§ **Exercise goal**:
Pull every line containing "definition" from the data.

***

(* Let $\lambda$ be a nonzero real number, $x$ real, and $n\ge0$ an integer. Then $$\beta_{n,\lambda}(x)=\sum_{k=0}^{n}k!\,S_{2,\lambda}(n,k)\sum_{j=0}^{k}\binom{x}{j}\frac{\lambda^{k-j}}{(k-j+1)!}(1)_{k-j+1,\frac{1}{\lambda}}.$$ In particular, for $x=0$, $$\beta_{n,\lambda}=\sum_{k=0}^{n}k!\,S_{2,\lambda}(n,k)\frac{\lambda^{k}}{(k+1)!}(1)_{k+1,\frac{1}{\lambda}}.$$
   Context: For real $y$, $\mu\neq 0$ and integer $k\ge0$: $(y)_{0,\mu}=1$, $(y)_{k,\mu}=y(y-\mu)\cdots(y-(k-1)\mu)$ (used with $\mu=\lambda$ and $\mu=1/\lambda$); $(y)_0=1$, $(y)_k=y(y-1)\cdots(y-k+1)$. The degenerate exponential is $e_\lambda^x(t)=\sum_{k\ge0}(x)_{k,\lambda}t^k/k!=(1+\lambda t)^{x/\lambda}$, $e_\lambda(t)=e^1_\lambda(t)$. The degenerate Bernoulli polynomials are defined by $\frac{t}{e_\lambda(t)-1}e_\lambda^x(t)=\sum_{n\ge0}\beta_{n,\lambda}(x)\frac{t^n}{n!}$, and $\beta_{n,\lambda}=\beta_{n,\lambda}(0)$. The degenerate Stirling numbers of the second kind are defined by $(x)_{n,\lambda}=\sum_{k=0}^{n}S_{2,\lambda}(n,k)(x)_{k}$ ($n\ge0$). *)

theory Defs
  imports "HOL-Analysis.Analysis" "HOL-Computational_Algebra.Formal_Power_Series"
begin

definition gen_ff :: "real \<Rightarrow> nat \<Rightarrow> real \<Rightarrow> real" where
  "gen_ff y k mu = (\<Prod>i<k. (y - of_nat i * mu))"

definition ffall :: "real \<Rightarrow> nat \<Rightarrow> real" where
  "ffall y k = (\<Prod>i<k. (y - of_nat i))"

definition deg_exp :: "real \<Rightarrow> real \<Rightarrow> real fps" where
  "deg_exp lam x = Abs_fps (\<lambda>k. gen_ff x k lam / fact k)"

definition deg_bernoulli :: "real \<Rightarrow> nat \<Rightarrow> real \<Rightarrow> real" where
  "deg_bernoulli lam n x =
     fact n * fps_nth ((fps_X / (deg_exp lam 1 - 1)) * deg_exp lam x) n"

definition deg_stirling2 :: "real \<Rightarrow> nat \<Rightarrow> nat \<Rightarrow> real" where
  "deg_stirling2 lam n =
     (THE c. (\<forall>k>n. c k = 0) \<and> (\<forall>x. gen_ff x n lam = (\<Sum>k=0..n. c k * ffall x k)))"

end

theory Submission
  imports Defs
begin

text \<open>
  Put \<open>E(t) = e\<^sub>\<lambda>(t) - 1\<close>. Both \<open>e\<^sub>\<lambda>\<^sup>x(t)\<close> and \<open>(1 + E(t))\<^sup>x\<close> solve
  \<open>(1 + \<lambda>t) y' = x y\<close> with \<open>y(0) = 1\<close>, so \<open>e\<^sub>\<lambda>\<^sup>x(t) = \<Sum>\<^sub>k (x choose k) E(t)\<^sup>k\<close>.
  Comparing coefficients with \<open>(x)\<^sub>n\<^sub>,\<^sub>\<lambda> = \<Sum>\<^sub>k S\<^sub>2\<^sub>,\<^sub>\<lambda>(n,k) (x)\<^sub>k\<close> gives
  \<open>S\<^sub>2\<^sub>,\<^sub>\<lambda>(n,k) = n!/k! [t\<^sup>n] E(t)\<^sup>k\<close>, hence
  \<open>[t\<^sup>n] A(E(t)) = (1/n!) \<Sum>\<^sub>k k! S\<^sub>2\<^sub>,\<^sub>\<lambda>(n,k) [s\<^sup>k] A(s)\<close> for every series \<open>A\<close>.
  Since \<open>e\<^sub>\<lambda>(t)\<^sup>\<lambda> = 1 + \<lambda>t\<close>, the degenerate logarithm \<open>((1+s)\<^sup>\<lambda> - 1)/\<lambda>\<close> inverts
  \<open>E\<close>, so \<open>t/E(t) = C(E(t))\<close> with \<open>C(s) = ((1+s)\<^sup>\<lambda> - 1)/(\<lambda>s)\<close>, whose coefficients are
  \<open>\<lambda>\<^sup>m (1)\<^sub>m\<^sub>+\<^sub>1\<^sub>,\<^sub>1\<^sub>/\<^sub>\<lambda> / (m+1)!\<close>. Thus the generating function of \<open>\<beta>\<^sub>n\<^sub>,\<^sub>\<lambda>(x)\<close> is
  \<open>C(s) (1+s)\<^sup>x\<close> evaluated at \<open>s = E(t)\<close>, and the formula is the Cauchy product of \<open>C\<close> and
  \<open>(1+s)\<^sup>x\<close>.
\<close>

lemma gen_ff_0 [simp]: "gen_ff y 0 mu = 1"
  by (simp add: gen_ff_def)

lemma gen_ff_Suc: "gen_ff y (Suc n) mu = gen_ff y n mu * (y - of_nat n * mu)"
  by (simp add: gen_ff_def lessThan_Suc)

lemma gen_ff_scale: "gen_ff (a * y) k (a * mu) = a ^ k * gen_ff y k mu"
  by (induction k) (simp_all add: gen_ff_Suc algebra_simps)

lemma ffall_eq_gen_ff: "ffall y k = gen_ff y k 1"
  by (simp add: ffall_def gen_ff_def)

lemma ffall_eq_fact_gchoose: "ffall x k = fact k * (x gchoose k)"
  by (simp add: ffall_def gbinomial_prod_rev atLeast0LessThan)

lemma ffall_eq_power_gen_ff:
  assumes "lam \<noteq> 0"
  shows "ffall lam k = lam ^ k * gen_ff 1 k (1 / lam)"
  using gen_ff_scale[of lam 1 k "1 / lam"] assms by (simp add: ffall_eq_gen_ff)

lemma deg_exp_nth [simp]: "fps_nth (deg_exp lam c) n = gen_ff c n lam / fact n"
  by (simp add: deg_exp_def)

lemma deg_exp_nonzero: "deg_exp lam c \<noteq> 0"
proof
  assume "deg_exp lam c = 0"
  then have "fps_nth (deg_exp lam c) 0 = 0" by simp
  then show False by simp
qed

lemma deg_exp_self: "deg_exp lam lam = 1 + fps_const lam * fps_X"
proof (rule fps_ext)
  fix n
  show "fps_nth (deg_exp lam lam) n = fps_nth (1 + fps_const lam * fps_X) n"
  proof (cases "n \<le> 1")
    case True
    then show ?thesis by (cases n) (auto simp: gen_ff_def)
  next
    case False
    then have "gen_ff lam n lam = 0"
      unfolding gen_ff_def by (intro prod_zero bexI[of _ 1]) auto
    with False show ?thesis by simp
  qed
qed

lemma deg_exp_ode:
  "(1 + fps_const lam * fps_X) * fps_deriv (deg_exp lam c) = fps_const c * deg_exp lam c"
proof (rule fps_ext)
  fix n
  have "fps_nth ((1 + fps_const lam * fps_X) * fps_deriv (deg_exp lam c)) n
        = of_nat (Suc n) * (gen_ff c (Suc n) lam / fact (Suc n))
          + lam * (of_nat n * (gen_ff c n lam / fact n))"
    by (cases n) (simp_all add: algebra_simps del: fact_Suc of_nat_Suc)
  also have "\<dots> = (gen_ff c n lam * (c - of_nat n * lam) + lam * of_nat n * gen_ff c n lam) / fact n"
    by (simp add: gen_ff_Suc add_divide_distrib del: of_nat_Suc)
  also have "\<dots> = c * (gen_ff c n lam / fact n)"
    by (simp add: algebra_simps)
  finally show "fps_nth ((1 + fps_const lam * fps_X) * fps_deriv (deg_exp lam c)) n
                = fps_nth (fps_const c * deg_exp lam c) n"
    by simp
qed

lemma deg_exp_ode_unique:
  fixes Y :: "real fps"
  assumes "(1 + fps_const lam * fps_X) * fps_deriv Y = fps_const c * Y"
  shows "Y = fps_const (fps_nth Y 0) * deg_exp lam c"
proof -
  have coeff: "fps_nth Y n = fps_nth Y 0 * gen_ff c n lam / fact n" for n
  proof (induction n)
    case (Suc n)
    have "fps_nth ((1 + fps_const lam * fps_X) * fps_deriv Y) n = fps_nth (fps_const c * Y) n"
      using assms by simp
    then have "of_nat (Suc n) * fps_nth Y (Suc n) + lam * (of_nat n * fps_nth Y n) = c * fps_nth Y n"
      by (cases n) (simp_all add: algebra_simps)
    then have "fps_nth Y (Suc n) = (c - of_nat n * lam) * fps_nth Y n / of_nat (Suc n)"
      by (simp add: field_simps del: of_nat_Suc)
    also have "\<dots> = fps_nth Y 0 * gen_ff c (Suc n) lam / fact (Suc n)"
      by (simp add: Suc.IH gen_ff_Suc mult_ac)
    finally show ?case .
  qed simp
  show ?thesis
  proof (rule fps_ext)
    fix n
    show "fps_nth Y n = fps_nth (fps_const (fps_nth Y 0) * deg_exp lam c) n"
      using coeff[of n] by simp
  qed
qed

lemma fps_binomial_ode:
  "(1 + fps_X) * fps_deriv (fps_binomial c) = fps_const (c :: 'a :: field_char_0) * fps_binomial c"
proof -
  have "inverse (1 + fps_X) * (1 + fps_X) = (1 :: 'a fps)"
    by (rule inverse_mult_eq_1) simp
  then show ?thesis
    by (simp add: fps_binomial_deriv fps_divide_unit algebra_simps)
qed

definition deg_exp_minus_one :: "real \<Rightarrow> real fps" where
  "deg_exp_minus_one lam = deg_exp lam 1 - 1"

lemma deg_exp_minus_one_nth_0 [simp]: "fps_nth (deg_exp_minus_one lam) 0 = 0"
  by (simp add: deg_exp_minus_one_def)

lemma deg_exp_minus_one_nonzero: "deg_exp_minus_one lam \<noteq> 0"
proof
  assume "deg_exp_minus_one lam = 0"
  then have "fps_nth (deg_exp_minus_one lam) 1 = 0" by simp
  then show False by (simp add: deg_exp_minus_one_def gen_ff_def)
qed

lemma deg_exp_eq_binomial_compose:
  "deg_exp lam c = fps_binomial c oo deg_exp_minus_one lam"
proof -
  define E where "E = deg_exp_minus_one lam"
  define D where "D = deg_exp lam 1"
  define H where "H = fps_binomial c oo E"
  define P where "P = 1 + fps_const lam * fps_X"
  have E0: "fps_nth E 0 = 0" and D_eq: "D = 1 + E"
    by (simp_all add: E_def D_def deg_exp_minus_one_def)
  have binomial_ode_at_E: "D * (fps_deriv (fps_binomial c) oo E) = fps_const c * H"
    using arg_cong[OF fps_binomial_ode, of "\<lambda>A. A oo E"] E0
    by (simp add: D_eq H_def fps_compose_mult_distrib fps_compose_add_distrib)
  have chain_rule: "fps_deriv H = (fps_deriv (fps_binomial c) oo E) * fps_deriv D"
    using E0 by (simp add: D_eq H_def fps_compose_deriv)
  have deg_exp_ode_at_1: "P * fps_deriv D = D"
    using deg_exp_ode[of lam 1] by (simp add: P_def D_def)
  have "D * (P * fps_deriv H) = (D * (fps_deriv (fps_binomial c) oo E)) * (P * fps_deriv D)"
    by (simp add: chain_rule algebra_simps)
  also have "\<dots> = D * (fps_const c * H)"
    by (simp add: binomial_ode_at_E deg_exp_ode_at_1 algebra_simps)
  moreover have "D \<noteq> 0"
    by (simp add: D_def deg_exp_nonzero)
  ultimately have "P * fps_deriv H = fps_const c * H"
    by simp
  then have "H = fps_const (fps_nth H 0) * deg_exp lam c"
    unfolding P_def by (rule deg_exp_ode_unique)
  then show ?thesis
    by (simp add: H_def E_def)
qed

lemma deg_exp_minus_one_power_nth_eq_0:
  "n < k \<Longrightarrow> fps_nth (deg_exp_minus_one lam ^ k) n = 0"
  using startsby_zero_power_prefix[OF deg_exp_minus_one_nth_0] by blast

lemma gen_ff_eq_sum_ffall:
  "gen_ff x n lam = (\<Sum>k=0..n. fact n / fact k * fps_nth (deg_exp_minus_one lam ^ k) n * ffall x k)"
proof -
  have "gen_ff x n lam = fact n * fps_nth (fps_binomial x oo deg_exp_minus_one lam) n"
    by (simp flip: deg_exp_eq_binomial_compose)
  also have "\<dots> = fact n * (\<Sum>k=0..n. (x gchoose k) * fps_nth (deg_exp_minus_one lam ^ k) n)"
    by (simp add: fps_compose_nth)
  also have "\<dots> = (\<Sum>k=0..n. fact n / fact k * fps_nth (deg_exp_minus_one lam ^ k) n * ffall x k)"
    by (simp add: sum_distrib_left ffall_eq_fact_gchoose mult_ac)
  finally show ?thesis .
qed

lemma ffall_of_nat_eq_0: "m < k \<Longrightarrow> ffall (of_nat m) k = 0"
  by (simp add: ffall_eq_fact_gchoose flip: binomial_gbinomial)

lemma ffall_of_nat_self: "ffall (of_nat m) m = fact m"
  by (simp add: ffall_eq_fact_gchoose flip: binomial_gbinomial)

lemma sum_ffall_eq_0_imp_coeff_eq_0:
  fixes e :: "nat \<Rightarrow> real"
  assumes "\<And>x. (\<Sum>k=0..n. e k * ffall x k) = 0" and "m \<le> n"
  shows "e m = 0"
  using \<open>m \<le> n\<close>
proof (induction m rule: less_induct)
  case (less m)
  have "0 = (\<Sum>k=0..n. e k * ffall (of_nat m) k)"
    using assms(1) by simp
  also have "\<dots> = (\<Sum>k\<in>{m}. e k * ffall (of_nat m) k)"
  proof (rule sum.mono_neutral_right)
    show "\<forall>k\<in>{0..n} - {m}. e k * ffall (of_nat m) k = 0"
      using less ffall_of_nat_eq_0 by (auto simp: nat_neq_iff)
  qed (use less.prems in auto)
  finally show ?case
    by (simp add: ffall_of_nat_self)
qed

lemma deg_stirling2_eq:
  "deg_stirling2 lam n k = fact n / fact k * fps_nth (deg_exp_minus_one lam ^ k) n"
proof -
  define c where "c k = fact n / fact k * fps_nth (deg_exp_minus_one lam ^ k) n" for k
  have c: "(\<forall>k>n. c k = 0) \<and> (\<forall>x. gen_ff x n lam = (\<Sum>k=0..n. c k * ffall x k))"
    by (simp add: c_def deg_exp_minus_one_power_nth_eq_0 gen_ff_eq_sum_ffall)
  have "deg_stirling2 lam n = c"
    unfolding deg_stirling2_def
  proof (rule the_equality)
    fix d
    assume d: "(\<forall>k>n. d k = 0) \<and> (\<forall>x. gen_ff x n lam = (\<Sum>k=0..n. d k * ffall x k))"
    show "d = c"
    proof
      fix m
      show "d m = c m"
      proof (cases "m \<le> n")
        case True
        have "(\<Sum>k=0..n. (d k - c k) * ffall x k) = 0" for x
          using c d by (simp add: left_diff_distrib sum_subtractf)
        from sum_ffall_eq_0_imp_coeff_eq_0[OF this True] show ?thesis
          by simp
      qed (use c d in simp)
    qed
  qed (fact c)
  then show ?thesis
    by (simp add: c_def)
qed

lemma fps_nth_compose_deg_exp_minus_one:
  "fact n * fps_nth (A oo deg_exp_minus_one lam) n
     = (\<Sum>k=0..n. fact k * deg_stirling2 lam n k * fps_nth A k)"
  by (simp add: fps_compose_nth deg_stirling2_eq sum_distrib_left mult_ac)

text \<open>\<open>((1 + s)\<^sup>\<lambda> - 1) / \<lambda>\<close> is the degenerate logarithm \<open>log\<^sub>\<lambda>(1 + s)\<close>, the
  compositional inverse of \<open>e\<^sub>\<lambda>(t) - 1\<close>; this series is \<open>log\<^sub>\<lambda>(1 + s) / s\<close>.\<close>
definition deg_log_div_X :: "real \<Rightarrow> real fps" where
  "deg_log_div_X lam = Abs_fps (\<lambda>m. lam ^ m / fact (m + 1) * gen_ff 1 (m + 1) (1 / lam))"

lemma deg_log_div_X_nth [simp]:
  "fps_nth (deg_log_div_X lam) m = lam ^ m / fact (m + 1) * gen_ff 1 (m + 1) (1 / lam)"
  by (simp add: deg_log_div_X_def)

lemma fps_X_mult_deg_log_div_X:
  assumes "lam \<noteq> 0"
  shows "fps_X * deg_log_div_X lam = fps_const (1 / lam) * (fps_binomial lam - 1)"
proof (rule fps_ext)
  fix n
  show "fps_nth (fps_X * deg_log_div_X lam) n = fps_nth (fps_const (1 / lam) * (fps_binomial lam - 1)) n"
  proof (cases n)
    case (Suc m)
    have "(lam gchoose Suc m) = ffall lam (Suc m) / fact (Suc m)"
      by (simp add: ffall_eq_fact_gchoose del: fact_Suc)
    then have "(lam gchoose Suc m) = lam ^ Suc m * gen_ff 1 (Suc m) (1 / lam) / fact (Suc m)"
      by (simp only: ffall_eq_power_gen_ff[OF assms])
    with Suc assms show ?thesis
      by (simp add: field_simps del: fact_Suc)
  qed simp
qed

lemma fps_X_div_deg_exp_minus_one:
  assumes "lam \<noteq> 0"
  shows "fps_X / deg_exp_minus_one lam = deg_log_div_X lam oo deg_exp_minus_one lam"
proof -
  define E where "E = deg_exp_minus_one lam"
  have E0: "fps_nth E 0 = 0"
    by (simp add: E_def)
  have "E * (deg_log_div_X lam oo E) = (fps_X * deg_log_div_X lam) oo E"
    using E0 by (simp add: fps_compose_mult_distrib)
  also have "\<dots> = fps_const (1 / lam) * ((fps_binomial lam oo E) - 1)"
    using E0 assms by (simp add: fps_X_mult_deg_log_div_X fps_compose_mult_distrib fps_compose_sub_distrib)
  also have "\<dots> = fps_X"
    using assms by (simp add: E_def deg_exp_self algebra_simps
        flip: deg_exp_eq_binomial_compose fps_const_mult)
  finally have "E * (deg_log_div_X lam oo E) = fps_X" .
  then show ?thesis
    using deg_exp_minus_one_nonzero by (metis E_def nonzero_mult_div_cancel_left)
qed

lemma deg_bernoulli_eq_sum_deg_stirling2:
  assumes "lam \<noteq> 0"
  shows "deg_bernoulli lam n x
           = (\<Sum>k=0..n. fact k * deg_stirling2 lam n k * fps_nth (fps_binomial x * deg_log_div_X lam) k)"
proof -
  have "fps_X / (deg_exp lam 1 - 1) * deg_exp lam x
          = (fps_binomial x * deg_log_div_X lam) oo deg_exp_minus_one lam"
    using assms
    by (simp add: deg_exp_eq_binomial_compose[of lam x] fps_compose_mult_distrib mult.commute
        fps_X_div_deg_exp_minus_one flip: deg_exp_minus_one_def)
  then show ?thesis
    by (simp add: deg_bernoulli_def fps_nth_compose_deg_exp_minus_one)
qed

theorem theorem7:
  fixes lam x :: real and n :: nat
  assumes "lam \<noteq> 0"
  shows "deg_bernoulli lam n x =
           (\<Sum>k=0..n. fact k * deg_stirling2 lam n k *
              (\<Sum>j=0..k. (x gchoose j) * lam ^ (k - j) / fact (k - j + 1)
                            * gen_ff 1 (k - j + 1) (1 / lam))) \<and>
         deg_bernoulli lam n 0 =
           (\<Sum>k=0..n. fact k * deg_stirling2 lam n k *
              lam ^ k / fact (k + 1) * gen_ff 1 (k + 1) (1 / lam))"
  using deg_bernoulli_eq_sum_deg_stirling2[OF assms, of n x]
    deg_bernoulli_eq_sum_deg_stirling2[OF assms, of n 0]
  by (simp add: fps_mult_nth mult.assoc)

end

***

§ **Answer area**:
definition gen_ff :: "real \<Rightarrow> nat \<Rightarrow> real \<Rightarrow> real" where
definition ffall :: "real \<Rightarrow> nat \<Rightarrow> real" where
definition deg_exp :: "real \<Rightarrow> real \<Rightarrow> real fps" where
definition deg_bernoulli :: "real \<Rightarrow> nat \<Rightarrow> real \<Rightarrow> real" where
definition deg_stirling2 :: "real \<Rightarrow> nat \<Rightarrow> nat \<Rightarrow> real" where
definition deg_exp_minus_one :: "real \<Rightarrow> real fps" where
definition deg_log_div_X :: "real \<Rightarrow> real fps" where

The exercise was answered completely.